◆ **Work required**:
Wherever the word "step" appears in a line of the data, that line should be copied.

◆ **Working data**:

┄┄┄┄┄┄┄┄┄┄┄┄┄┄┄┄┄┄┄┄

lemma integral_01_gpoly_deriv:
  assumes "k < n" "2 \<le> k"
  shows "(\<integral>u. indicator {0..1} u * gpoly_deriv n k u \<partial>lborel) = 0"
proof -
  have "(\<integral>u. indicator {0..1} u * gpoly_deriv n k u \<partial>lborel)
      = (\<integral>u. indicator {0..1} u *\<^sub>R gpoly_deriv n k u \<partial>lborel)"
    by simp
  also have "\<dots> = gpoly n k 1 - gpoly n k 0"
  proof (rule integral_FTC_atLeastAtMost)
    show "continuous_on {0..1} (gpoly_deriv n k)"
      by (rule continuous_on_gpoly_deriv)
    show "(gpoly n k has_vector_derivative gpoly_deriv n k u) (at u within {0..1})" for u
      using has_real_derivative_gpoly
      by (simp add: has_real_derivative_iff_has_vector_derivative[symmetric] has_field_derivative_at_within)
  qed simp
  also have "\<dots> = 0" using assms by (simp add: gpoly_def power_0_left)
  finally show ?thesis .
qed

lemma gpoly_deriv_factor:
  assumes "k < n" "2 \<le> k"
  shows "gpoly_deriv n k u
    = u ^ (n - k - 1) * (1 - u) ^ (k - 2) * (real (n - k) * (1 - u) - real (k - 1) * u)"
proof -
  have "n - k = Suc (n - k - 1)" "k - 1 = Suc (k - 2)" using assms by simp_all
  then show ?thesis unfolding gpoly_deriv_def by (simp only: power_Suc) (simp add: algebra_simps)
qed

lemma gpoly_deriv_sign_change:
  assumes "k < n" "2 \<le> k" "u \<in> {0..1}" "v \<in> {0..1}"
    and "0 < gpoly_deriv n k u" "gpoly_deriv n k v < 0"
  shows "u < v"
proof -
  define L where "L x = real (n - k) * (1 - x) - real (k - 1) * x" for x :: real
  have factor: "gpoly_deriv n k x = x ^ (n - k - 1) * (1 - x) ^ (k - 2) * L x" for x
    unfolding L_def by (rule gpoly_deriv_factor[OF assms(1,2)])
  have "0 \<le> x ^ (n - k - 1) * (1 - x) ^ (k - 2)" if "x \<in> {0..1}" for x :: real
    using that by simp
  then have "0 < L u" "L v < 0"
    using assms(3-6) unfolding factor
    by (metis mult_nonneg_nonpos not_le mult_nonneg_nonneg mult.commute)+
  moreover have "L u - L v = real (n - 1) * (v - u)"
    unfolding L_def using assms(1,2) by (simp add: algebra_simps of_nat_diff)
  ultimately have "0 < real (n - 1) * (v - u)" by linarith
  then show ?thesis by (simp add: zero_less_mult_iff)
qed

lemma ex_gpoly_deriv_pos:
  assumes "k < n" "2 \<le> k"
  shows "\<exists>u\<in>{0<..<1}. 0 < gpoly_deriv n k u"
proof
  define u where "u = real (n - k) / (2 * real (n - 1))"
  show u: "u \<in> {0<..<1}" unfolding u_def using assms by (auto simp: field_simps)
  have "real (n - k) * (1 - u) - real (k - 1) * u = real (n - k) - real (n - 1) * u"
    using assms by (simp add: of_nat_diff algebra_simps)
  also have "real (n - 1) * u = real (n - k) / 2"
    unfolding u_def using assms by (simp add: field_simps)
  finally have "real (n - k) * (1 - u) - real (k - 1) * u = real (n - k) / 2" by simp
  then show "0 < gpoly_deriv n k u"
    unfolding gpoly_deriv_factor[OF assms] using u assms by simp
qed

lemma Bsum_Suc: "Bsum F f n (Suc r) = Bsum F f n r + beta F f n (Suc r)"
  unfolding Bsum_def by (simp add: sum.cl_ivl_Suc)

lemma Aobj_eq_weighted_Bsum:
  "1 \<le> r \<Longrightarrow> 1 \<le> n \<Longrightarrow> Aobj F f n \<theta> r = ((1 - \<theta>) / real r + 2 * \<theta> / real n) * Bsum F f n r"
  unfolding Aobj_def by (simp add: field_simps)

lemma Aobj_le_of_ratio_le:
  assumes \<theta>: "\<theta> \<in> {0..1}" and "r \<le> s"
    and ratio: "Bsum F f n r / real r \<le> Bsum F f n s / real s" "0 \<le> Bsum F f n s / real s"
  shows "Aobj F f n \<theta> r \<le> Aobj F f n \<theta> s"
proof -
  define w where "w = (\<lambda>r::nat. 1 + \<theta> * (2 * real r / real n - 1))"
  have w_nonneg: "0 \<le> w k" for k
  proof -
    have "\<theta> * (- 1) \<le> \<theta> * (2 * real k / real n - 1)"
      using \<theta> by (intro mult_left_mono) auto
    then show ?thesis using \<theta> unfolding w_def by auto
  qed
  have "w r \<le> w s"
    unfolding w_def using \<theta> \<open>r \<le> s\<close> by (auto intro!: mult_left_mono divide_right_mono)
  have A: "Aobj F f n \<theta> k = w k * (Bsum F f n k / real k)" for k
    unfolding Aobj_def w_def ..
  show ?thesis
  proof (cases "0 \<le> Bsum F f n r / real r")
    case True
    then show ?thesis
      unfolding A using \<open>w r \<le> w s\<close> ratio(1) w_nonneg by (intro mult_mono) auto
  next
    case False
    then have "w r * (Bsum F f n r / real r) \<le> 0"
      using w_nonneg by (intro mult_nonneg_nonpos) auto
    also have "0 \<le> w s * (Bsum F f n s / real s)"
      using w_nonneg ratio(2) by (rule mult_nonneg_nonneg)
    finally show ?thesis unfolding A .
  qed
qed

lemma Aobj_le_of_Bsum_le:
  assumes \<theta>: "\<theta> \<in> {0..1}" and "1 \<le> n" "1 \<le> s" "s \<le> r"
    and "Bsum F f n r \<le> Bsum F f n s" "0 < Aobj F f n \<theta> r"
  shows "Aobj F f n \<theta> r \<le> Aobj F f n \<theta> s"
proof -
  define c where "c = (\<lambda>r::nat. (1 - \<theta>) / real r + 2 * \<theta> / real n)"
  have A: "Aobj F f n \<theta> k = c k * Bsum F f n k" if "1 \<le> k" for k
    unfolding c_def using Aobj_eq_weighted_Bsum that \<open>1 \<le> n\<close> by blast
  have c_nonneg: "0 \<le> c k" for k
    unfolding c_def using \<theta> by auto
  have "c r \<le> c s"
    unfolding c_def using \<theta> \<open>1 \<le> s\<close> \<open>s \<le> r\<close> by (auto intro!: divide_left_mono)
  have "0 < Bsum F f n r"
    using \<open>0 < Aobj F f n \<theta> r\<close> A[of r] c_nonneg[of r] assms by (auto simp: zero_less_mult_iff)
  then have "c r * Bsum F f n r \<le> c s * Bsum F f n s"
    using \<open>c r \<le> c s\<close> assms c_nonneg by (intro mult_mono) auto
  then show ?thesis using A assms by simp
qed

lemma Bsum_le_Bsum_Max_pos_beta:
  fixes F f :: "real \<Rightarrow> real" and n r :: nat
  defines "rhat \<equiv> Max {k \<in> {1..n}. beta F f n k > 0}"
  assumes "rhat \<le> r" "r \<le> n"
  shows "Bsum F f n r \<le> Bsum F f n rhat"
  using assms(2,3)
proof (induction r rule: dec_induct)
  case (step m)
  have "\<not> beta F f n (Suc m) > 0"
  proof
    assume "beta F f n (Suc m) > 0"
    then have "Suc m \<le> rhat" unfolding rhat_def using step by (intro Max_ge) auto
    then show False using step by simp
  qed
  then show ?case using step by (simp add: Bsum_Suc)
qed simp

┄┄┄┄┄┄┄┄┄┄┄┄┄┄┄┄┄┄┄┄

◆ **Output for this exercise**:
  case (step m)
    then have "Suc m \<le> rhat" unfolding rhat_def using step by (intro Max_ge) auto
    then show False using step by simp
  then show ?case using step by (simp add: Bsum_Suc)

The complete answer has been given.